*** Opening Source information ***

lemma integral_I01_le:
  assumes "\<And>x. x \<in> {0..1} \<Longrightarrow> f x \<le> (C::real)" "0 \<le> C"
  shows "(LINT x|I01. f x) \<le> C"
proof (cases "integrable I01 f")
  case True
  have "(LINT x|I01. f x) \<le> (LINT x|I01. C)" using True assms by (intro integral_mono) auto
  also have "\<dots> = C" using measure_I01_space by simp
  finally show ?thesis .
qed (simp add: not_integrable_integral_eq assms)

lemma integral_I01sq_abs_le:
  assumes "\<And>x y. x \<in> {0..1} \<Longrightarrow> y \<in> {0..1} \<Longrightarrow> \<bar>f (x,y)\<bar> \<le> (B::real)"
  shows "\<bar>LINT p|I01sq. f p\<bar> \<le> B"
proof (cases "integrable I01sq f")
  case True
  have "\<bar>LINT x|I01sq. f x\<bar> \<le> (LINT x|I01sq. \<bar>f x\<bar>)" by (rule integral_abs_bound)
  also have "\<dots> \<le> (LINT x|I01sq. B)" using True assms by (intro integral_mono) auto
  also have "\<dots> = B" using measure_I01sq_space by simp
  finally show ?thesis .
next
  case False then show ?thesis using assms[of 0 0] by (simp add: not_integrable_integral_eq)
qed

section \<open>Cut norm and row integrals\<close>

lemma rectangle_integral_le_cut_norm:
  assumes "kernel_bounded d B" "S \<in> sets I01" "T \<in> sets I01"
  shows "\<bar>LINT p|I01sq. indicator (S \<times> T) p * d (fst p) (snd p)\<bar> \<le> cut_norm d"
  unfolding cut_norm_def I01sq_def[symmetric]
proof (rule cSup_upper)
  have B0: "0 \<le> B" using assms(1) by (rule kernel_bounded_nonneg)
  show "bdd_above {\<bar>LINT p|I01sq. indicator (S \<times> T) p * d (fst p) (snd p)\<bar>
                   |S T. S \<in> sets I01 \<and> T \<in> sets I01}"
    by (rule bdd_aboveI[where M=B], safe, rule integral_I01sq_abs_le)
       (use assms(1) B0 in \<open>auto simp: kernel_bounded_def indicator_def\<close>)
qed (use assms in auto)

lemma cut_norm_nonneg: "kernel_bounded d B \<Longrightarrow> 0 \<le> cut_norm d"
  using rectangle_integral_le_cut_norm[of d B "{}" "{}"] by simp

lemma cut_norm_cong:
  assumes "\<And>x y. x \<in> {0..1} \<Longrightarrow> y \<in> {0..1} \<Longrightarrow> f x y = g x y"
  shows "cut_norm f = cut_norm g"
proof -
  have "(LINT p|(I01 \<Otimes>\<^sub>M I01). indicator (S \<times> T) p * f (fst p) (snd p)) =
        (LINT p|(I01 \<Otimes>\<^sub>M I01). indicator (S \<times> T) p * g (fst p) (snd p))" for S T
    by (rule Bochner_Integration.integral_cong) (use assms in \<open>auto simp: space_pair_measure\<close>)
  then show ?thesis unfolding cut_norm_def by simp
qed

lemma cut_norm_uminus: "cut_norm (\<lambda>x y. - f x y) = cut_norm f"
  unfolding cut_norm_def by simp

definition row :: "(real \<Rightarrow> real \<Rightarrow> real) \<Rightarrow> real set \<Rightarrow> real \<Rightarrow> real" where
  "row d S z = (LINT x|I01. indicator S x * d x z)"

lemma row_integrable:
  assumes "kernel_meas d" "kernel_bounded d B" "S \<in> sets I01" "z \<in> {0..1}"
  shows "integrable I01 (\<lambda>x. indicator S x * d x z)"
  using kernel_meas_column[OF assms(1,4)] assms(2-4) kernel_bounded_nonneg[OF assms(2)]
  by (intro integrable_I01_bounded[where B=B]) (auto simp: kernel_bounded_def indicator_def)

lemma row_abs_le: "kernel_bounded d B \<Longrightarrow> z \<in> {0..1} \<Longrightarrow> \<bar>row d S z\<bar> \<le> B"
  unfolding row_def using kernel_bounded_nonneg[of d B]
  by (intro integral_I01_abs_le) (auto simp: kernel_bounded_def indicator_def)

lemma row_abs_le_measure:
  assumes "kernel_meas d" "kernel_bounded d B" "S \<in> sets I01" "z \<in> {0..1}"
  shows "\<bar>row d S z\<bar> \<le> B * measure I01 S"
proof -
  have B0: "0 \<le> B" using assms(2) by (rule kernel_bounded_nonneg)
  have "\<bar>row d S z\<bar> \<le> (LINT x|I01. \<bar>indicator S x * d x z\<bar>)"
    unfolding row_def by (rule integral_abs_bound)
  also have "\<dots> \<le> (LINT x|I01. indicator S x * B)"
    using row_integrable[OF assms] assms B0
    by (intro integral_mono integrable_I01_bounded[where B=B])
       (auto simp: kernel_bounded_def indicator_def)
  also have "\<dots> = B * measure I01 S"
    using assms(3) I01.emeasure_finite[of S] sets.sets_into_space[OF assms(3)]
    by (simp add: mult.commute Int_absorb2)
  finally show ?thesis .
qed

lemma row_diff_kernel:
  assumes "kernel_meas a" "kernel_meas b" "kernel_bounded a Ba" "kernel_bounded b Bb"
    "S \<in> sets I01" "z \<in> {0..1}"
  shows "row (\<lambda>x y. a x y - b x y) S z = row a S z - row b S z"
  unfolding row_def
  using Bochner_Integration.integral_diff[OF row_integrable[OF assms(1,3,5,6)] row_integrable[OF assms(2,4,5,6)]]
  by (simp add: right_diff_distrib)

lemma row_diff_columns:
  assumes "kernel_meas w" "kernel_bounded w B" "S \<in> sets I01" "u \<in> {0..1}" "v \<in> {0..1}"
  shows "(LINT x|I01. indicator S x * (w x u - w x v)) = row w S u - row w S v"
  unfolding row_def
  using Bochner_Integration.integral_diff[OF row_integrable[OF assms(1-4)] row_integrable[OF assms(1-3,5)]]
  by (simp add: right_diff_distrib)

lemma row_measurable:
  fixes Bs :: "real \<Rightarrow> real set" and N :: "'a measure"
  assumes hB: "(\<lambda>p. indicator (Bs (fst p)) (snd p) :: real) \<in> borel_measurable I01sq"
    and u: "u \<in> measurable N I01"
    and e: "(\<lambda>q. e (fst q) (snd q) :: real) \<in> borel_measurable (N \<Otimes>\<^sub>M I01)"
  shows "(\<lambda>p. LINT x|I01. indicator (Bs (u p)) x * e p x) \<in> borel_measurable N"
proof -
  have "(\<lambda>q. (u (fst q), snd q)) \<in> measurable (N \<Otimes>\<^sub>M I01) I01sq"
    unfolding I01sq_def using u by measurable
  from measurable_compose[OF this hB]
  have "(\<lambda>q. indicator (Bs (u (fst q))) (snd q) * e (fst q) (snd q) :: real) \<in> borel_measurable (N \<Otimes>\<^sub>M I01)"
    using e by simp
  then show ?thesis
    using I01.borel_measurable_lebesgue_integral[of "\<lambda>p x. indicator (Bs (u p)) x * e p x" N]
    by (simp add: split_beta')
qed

*** Closing Source information ***
*** Opening Source information ***

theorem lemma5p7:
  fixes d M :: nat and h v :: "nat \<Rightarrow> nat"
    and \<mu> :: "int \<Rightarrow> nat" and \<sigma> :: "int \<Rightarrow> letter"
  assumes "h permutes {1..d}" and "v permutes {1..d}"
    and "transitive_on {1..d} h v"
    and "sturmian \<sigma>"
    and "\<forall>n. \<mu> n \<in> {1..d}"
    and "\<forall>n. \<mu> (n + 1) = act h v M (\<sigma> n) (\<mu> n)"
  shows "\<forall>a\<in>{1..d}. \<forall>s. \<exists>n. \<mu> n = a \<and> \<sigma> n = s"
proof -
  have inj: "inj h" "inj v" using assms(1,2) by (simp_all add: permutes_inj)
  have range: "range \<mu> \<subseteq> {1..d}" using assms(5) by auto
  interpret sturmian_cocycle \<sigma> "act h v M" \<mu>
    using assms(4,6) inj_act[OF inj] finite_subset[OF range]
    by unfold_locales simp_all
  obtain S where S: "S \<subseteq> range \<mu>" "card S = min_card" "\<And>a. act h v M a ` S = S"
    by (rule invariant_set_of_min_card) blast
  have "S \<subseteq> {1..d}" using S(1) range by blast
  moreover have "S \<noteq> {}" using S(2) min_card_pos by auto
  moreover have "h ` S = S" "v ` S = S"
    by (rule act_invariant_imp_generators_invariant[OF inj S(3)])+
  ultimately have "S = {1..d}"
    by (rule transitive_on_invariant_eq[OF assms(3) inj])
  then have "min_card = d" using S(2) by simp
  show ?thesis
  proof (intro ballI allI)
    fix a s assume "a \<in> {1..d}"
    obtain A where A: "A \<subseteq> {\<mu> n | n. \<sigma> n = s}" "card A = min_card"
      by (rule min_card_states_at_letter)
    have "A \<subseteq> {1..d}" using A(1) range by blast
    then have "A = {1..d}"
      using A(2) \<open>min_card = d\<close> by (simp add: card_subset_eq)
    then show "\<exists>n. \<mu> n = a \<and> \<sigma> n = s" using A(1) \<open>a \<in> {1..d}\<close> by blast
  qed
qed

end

*** Closing Source information ***

» Your assignment:
Copy each line above that contains the word "intro".

» Completed exercise:
  have "(LINT x|I01. f x) \<le> (LINT x|I01. C)" using True assms by (intro integral_mono) auto
  also have "\<dots> \<le> (LINT x|I01sq. B)" using True assms by (intro integral_mono) auto
  by (intro integrable_I01_bounded[where B=B]) (auto simp: kernel_bounded_def indicator_def)
  by (intro integral_I01_abs_le) (auto simp: kernel_bounded_def indicator_def)
    by (intro integral_mono integrable_I01_bounded[where B=B])
  proof (intro ballI allI)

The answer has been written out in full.